Make a word-for-word copy of the entries below from their first line through the line with "rat) = of_nat p", and add nothing.
[Opening Information shown section]
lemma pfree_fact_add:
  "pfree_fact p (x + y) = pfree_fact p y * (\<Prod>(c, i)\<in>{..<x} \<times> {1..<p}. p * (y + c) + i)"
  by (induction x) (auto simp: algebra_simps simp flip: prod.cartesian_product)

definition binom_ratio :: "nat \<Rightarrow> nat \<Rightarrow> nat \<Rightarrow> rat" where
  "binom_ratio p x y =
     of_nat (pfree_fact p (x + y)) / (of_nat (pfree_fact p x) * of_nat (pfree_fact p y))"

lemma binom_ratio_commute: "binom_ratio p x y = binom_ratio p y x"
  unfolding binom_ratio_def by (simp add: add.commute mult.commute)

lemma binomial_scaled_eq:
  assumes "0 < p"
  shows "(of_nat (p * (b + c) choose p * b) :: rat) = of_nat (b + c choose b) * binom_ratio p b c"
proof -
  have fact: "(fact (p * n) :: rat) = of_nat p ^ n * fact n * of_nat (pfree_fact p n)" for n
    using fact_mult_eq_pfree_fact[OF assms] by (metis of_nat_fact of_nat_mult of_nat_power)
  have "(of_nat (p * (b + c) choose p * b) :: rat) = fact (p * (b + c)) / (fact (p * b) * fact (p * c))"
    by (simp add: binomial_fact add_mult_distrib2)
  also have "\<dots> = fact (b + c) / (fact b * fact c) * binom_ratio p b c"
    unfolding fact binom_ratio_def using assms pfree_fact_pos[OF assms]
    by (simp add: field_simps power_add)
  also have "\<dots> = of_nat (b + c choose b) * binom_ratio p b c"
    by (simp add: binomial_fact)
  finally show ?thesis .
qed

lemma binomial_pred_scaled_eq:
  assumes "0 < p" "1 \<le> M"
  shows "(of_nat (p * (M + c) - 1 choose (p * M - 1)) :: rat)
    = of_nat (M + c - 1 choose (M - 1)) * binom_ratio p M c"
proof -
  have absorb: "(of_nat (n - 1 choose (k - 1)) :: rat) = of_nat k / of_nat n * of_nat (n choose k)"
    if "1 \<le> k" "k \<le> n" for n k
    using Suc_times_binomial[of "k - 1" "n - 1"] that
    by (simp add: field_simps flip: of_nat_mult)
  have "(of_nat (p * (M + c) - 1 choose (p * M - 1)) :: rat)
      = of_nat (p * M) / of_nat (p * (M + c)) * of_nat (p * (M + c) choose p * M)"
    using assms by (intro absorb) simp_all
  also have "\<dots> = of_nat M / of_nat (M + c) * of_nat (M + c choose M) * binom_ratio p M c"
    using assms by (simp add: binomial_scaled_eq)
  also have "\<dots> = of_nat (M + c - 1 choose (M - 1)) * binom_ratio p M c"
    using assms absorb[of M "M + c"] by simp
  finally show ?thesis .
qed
[Closing Information shown section]
**Answer for the task**
lemma pfree_fact_add:
  "pfree_fact p (x + y) = pfree_fact p y * (\<Prod>(c, i)\<in>{..<x} \<times> {1..<p}. p * (y + c) + i)"
  by (induction x) (auto simp: algebra_simps simp flip: prod.cartesian_product)

definition binom_ratio :: "nat \<Rightarrow> nat \<Rightarrow> nat \<Rightarrow> rat" where
  "binom_ratio p x y =
     of_nat (pfree_fact p (x + y)) / (of_nat (pfree_fact p x) * of_nat (pfree_fact p y))"

lemma binom_ratio_commute: "binom_ratio p x y = binom_ratio p y x"
  unfolding binom_ratio_def by (simp add: add.commute mult.commute)

lemma binomial_scaled_eq:
  assumes "0 < p"
  shows "(of_nat (p * (b + c) choose p * b) :: rat) = of_nat (b + c choose b) * binom_ratio p b c"
proof -
  have fact: "(fact (p * n) :: rat) = of_nat p ^ n * fact n * of_nat (pfree_fact p n)" for n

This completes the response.